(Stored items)

(* Let $\mathcal{A}$ be a triangular algebra over a field $F$ with $\operatorname{char}(F)\neq2$. Then $\operatorname{JCent}(\mathcal{A})=\operatorname{Cent}(\mathcal{A})$.
   Context: A triangular algebra is an algebra of the form $\mathcal{A}=\begin{pmatrix}B & M\\ 0 & C\end{pmatrix}$ (with formal matrix operations), where $B,C$ are unital algebras and $M$ is a $(B,C)$-bimodule that is faithful as a left $B$-module and as a right $C$-module. $x\circ y=xy+yx$. $\operatorname{JCent}(\mathcal{A})$: linear $f:\mathcal{A}\to\mathcal{A}$ with $f(x\circ y)=f(x)\circ y$ for all $x,y$. $\operatorname{Cent}(\mathcal{A})$: linear $f$ with $f(xy)=f(x)y=xf(y)$ for all $x,y$. *)

theory Defs
  imports Main
begin

text \<open>A triangular algebra over a field F is modelled on the carrier type
  'b \<times> 'm \<times> 'c (triples (b,m,c) standing for the formal matrix [[b,m],[0,c]]).\<close>

locale triangular_algebra =
  fixes sB :: "'f::field \<Rightarrow> 'b::ring_1 \<Rightarrow> 'b"
    and sC :: "'f \<Rightarrow> 'c::ring_1 \<Rightarrow> 'c"
    and sM :: "'f \<Rightarrow> 'm::ab_group_add \<Rightarrow> 'm"
    and lB :: "'b \<Rightarrow> 'm \<Rightarrow> 'm"
    and rC :: "'m \<Rightarrow> 'c \<Rightarrow> 'm"
  assumes sB_add: "sB a (x + y) = sB a x + sB a y"
    and sB_add2: "sB (a + a') x = sB a x + sB a' x"
    and sB_mult: "sB (a * a') x = sB a (sB a' x)"
    and sB_one: "sB 1 x = x"
    and sB_alg: "sB a (x * y) = sB a x * y" "sB a (x * y) = x * sB a y"
    and sC_add: "sC a (z + w) = sC a z + sC a w"
    and sC_add2: "sC (a + a') z = sC a z + sC a' z"
    and sC_mult: "sC (a * a') z = sC a (sC a' z)"
    and sC_one: "sC 1 z = z"
    and sC_alg: "sC a (z * w) = sC a z * w" "sC a (z * w) = z * sC a w"
    and sM_add: "sM a (m + n) = sM a m + sM a n"
    and sM_add2: "sM (a + a') m = sM a m + sM a' m"
    and sM_mult: "sM (a * a') m = sM a (sM a' m)"
    and sM_one: "sM 1 m = m"
    and lB_add: "lB x (m + n) = lB x m + lB x n"
    and lB_add2: "lB (x + y) m = lB x m + lB y m"
    and lB_mult: "lB (x * y) m = lB x (lB y m)"
    and lB_one: "lB 1 m = m"
    and lB_smult: "sM a (lB x m) = lB (sB a x) m" "sM a (lB x m) = lB x (sM a m)"
    and rC_add: "rC (m + n) z = rC m z + rC n z"
    and rC_add2: "rC m (z + w) = rC m z + rC m w"
    and rC_mult: "rC m (z * w) = rC (rC m z) w"
    and rC_one: "rC m 1 = m"
    and rC_smult: "sM a (rC m z) = rC (sM a m) z" "sM a (rC m z) = rC m (sC a z)"
    and bimod: "lB x (rC m z) = rC (lB x m) z"
    and faithful_left: "(\<forall>m. lB x m = 0) \<Longrightarrow> x = 0"
    and faithful_right: "(\<forall>m. rC m z = 0) \<Longrightarrow> z = 0"

fun tri_add :: "'b::plus \<times> 'm::plus \<times> 'c::plus \<Rightarrow> 'b \<times> 'm \<times> 'c \<Rightarrow> 'b \<times> 'm \<times> 'c" where
  "tri_add (x, m, z) (y, n, w) = (x + y, m + n, z + w)"

fun tri_smult :: "('f \<Rightarrow> 'b \<Rightarrow> 'b) \<Rightarrow> ('f \<Rightarrow> 'c \<Rightarrow> 'c) \<Rightarrow> ('f \<Rightarrow> 'm \<Rightarrow> 'm)
    \<Rightarrow> 'f \<Rightarrow> 'b \<times> 'm \<times> 'c \<Rightarrow> 'b \<times> 'm \<times> 'c" where
  "tri_smult sB sC sM a (x, m, z) = (sB a x, sM a m, sC a z)"

fun tri_mult :: "('b::times \<Rightarrow> 'm::plus \<Rightarrow> 'm) \<Rightarrow> ('m \<Rightarrow> 'c::times \<Rightarrow> 'm)
    \<Rightarrow> 'b \<times> 'm \<times> 'c \<Rightarrow> 'b \<times> 'm \<times> 'c \<Rightarrow> 'b \<times> 'm \<times> 'c" where
  "tri_mult lB rC (x, m, z) (y, n, w) = (x * y, lB x n + rC m w, z * w)"

definition tri_jordan where
  "tri_jordan lB rC p q = tri_add (tri_mult lB rC p q) (tri_mult lB rC q p)"

definition tri_linear where
  "tri_linear sB sC sM f \<longleftrightarrow>
     (\<forall>p q. f (tri_add p q) = tri_add (f p) (f q)) \<and>
     (\<forall>a p. f (tri_smult sB sC sM a p) = tri_smult sB sC sM a (f p))"

definition JCent where
  "JCent sB sC sM lB rC = {f. tri_linear sB sC sM f \<and>
     (\<forall>p q. f (tri_jordan lB rC p q) = tri_jordan lB rC (f p) q)}"

definition Cent where
  "Cent sB sC sM lB rC = {f. tri_linear sB sC sM f \<and>
     (\<forall>p q. f (tri_mult lB rC p q) = tri_mult lB rC (f p) q \<and>
            f (tri_mult lB rC p q) = tri_mult lB rC p (f q))}"

end

theory Submission
  imports Defs
begin

text \<open>Since the unit (1,0,1) satisfies 1 \<circ> x = 2x, a Jordan centralizer f satisfies
  2 f(x) = f(1) \<circ> x, so with char F \<noteq> 2 it is determined by z = f(1).
  Feeding the idempotent (1,0,0) and the bimodule part into the Jordan identity shows that
  z = (z1,0,z2) with z1 m = m z2 for all m \<in> M; faithfulness of M then makes z1
  and z2 central, so z is central and f(x) = z x, which is a centralizer by associativity.\<close>

lemma double_cancel_scalar:
  fixes s :: "'f::field \<Rightarrow> 'a::ab_group_add \<Rightarrow> 'a" and x y :: 'a
  assumes two: "(2::'f) \<noteq> 0"
    and add: "\<And>a x y. s a (x + y) = s a x + s a y"
    and add2: "\<And>a a' x. s (a + a') x = s a x + s a' x"
    and one: "\<And>x. s 1 x = x"
    and double: "x + x = y + y"
  shows "x = y"
proof -
  define h where "h = inverse (2::'f)"
  have hh: "h + h = 1"
    using two by (simp add: h_def flip: mult_2)
  have "x = s (h + h) x" by (simp only: hh one)
  also have "\<dots> = s h (x + x)" by (simp only: add add2)
  also have "\<dots> = s (h + h) y" by (simp only: double add add2)
  also have "\<dots> = y" by (simp only: hh one)
  finally show ?thesis .
qed

context triangular_algebra
begin

lemma lB_zero [simp]: "lB x 0 = 0"
  using lB_add[of x 0 0] by simp

lemma lB_zero_left [simp]: "lB 0 m = 0"
  using lB_add2[of 0 0 m] by simp

lemma rC_zero [simp]: "rC 0 z = 0"
  using rC_add[of 0 0 z] by simp

lemma rC_zero_right [simp]: "rC m 0 = 0"
  using rC_add2[of m 0 0] by simp

lemma faithful_left_eq:
  assumes "\<And>m. lB x m = lB y m"
  shows "x = y"
proof -
  have "lB (x - y) m = 0" for m
    using lB_add2[of "x - y" y m] assms[of m] by simp
  then show ?thesis
    using faithful_left[of "x - y"] by simp
qed

lemma faithful_right_eq:
  assumes "\<And>m. rC m z = rC m w"
  shows "z = w"
proof -
  have "rC m (z - w) = 0" for m
    using rC_add2[of m "z - w" w] assms[of m] by simp
  then show ?thesis
    using faithful_right[of "z - w"] by simp
qed

lemma double_cancel_B: "(2::'f) \<noteq> 0 \<Longrightarrow> x + x = y + y \<Longrightarrow> x = (y::'b)"
  by (rule double_cancel_scalar[OF _ sB_add sB_add2 sB_one])

lemma double_cancel_M: "(2::'f) \<noteq> 0 \<Longrightarrow> x + x = y + y \<Longrightarrow> x = (y::'m)"
  by (rule double_cancel_scalar[OF _ sM_add sM_add2 sM_one])

lemma double_cancel_C: "(2::'f) \<noteq> 0 \<Longrightarrow> x + x = y + y \<Longrightarrow> x = (y::'c)"
  by (rule double_cancel_scalar[OF _ sC_add sC_add2 sC_one])

lemma tri_double_cancel:
  fixes p q :: "'b \<times> 'm \<times> 'c"
  assumes two: "(2::'f) \<noteq> 0" and double: "tri_add p p = tri_add q q"
  shows "p = q"
proof -
  obtain b m c b' m' c' where pq: "p = (b, m, c)" "q = (b', m', c')"
    using prod_cases3 by metis
  have "b + b = b' + b'" "m + m = m' + m'" "c + c = c' + c'"
    using double by (simp_all add: pq)
  then show ?thesis
    using double_cancel_B[OF two, of b b'] double_cancel_M[OF two, of m m']
      double_cancel_C[OF two, of c c'] pq by simp
qed

lemma tri_linear_add: "tri_linear sB sC sM f \<Longrightarrow> f (tri_add p q) = tri_add (f p) (f q)"
  unfolding tri_linear_def by blast

lemma tri_mult_assoc:
  "tri_mult lB rC (tri_mult lB rC p q) r = tri_mult lB rC p (tri_mult lB rC q r)"
  by (cases p rule: prod_cases3, cases q rule: prod_cases3, cases r rule: prod_cases3)
    (simp add: mult.assoc lB_add rC_add lB_mult rC_mult bimod)

lemma tri_mult_central_commute:
  assumes "\<And>b. z\<^sub>1 * b = b * z\<^sub>1" and "\<And>c. z\<^sub>2 * c = c * z\<^sub>2" and "\<And>m. rC m z\<^sub>2 = lB z\<^sub>1 m"
  shows "tri_mult lB rC (z\<^sub>1, 0, z\<^sub>2) p = tri_mult lB rC p (z\<^sub>1, 0, z\<^sub>2)"
  using assms by (cases p rule: prod_cases3) simp

lemma tri_jordan_one: "tri_jordan lB rC (1, 0, 1) p = tri_add p p"
  by (cases p rule: prod_cases3) (simp add: tri_jordan_def lB_one rC_one)

lemma Cent_subset_JCent: "Cent sB sC sM lB rC \<subseteq> JCent sB sC sM lB rC"
proof
  fix f
  assume "f \<in> Cent sB sC sM lB rC"
  then have lin: "tri_linear sB sC sM f"
    and mult: "\<And>p q. f (tri_mult lB rC p q) = tri_mult lB rC (f p) q"
    and mult': "\<And>p q. f (tri_mult lB rC p q) = tri_mult lB rC p (f q)"
    unfolding Cent_def by blast+
  have "f (tri_jordan lB rC p q) = tri_jordan lB rC (f p) q" for p q
  proof -
    have "f (tri_jordan lB rC p q) = tri_add (f (tri_mult lB rC p q)) (f (tri_mult lB rC q p))"
      unfolding tri_jordan_def by (rule tri_linear_add[OF lin])
    also have "\<dots> = tri_jordan lB rC (f p) q"
      unfolding tri_jordan_def by (simp only: mult[of p q] mult'[of q p])
    finally show ?thesis .
  qed
  with lin show "f \<in> JCent sB sC sM lB rC"
    unfolding JCent_def by simp
qed

context
  fixes f :: "'b \<times> 'm \<times> 'c \<Rightarrow> 'b \<times> 'm \<times> 'c" and z\<^sub>1 z\<^sub>M z\<^sub>2
  assumes two: "(2::'f) \<noteq> 0"
    and f_JCent: "f \<in> JCent sB sC sM lB rC"
    and f_one: "f (1, 0, 1) = (z\<^sub>1, z\<^sub>M, z\<^sub>2)"
begin

lemma JCent_linear: "tri_linear sB sC sM f"
  using f_JCent unfolding JCent_def by blast

lemmas JCent_add = tri_linear_add[OF JCent_linear]

lemma JCent_jordan: "f (tri_jordan lB rC p q) = tri_jordan lB rC (f p) q"
  using f_JCent unfolding JCent_def by blast

lemma JCent_double: "tri_add (f p) (f p) = tri_jordan lB rC (z\<^sub>1, z\<^sub>M, z\<^sub>2) p"
  using JCent_jordan[of "(1, 0, 1)" p] by (simp add: tri_jordan_one f_one JCent_add)

lemma JCent_image_idempotent: "z\<^sub>M = 0 \<and> f (1, 0, 0) = (z\<^sub>1, 0, 0)"
proof -
  obtain a n d where fe: "f (1, 0, 0) = (a, n, d)"
    using prod_cases3 by metis
  have "tri_add (f (1, 0, 0)) (f (1, 0, 0)) = f (tri_jordan lB rC (1, 0, 0) (1, 0, 0))"
    unfolding tri_jordan_def by (simp add: lB_one flip: JCent_add)
  also have "\<dots> = tri_jordan lB rC (f (1, 0, 0)) (1, 0, 0)"
    by (rule JCent_jordan)
  finally have "n + n = n" and "d + d = 0 + 0"
    using fe by (simp_all add: tri_jordan_def lB_one)
  then have n: "n = 0" and d: "d = 0"
    using double_cancel_C[OF two, of d 0] by simp_all
  have "(a + a, 0, 0) = (z\<^sub>1 + z\<^sub>1, z\<^sub>M, 0)"
    using JCent_double[of "(1, 0, 0)"] fe n d by (simp add: tri_jordan_def lB_one)
  then show ?thesis
    using fe n d double_cancel_B[OF two, of a z\<^sub>1] by simp
qed

lemma JCent_on_bimodule: "f (0, m, 0) = (0, lB z\<^sub>1 m, 0)"
  using JCent_jordan[of "(1, 0, 0)" "(0, m, 0)"] JCent_image_idempotent
  by (simp add: tri_jordan_def lB_one)

lemma JCent_unit_balanced: "rC m z\<^sub>2 = lB z\<^sub>1 m"
  using JCent_double[of "(0, m, 0)"] JCent_on_bimodule JCent_image_idempotent
  by (simp add: tri_jordan_def)

lemma JCent_unit_central_B: "z\<^sub>1 * b = b * z\<^sub>1"
proof -
  obtain a n d where fb: "f (b, 0, 0) = (a, n, d)"
    using prod_cases3 by metis
  have double: "a + a = z\<^sub>1 * b + b * z\<^sub>1" "n + n = 0 + 0" "d + d = 0 + 0"
    using JCent_double[of "(b, 0, 0)"] JCent_image_idempotent fb by (simp_all add: tri_jordan_def)
  then have "n = 0" "d = 0"
    using double_cancel_M[OF two, of n 0] double_cancel_C[OF two, of d 0] by simp_all
  then have "lB a m = lB (z\<^sub>1 * b) m" for m
    using JCent_jordan[of "(b, 0, 0)" "(0, m, 0)"] JCent_on_bimodule fb
    by (simp add: tri_jordan_def lB_mult)
  then have "a = z\<^sub>1 * b"
    by (rule faithful_left_eq)
  then show ?thesis
    using double(1) by simp
qed

lemma JCent_unit_central_C: "z\<^sub>2 * c = c * z\<^sub>2"
proof -
  obtain a n d where fc: "f (0, 0, c) = (a, n, d)"
    using prod_cases3 by metis
  have double: "d + d = z\<^sub>2 * c + c * z\<^sub>2" "n + n = 0 + 0" "a + a = 0 + 0"
    using JCent_double[of "(0, 0, c)"] JCent_image_idempotent fc by (simp_all add: tri_jordan_def)
  then have "n = 0" "a = 0"
    using double_cancel_M[OF two, of n 0] double_cancel_B[OF two, of a 0] by simp_all
  then have "rC m d = rC m (c * z\<^sub>2)" for m
    using JCent_jordan[of "(0, 0, c)" "(0, m, 0)"] JCent_on_bimodule fc
    by (simp add: tri_jordan_def rC_mult flip: JCent_unit_balanced)
  then have "d = c * z\<^sub>2"
    by (rule faithful_right_eq)
  then show ?thesis
    using double(1) by simp
qed

lemma JCent_eq_mult_unit_image: "f p = tri_mult lB rC (z\<^sub>1, 0, z\<^sub>2) p"
proof (rule tri_double_cancel[OF two])
  have "tri_jordan lB rC (z\<^sub>1, 0, z\<^sub>2) p
      = tri_add (tri_mult lB rC (z\<^sub>1, 0, z\<^sub>2) p) (tri_mult lB rC (z\<^sub>1, 0, z\<^sub>2) p)"
    unfolding tri_jordan_def
    by (simp add: tri_mult_central_commute JCent_unit_central_B JCent_unit_central_C
        JCent_unit_balanced)
  then show "tri_add (f p) (f p)
      = tri_add (tri_mult lB rC (z\<^sub>1, 0, z\<^sub>2) p) (tri_mult lB rC (z\<^sub>1, 0, z\<^sub>2) p)"
    using JCent_double JCent_image_idempotent by simp
qed

lemma JCent_in_Cent: "f \<in> Cent sB sC sM lB rC"
proof -
  let ?z = "(z\<^sub>1, 0, z\<^sub>2)"
  have central: "tri_mult lB rC ?z p = tri_mult lB rC p ?z" for p
    by (rule tri_mult_central_commute)
      (simp_all add: JCent_unit_central_B JCent_unit_central_C JCent_unit_balanced)
  have "f (tri_mult lB rC p q) = tri_mult lB rC (f p) q" for p q
    by (simp add: JCent_eq_mult_unit_image tri_mult_assoc)
  moreover have "f (tri_mult lB rC p q) = tri_mult lB rC p (f q)" for p q
  proof -
    have "f (tri_mult lB rC p q) = tri_mult lB rC (tri_mult lB rC ?z p) q"
      by (simp add: JCent_eq_mult_unit_image tri_mult_assoc)
    also have "\<dots> = tri_mult lB rC p (tri_mult lB rC ?z q)"
      by (simp only: central tri_mult_assoc)
    finally show ?thesis
      by (simp only: JCent_eq_mult_unit_image)
  qed
  moreover note JCent_linear
  ultimately show ?thesis
    unfolding Cent_def by blast
qed

end

end

theorem corollary3p8:
  fixes sB :: "'f::field \<Rightarrow> 'b::ring_1 \<Rightarrow> 'b"
    and sC :: "'f \<Rightarrow> 'c::ring_1 \<Rightarrow> 'c"
    and sM :: "'f \<Rightarrow> 'm::ab_group_add \<Rightarrow> 'm"
    and lB :: "'b \<Rightarrow> 'm \<Rightarrow> 'm"
    and rC :: "'m \<Rightarrow> 'c \<Rightarrow> 'm"
  assumes "triangular_algebra sB sC sM lB rC"
    and "(2::'f) \<noteq> 0"
  shows "JCent sB sC sM lB rC = Cent sB sC sM lB rC"
proof
  show "JCent sB sC sM lB rC \<subseteq> Cent sB sC sM lB rC"
  proof
    fix f
    assume "f \<in> JCent sB sC sM lB rC"
    moreover obtain z\<^sub>1 z\<^sub>M z\<^sub>2 where "f (1, 0, 1) = (z\<^sub>1, z\<^sub>M, z\<^sub>2)"
      using prod_cases3 by metis
    ultimately show "f \<in> Cent sB sC sM lB rC"
      using triangular_algebra.JCent_in_Cent[OF assms] by blast
  qed
  show "Cent sB sC sM lB rC \<subseteq> JCent sB sC sM lB rC"
    using triangular_algebra.Cent_subset_JCent[OF assms(1)] .
qed

end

**Task requirements:** All lines above containing the string "close" are to be collected.

**Task output:**
  'b \<times> 'm \<times> 'c (triples (b,m,c) standing for the formal matrix [[b,m],[0,c]]).\<close>
  and z2 central, so z is central and f(x) = z x, which is a centralizer by associativity.\<close>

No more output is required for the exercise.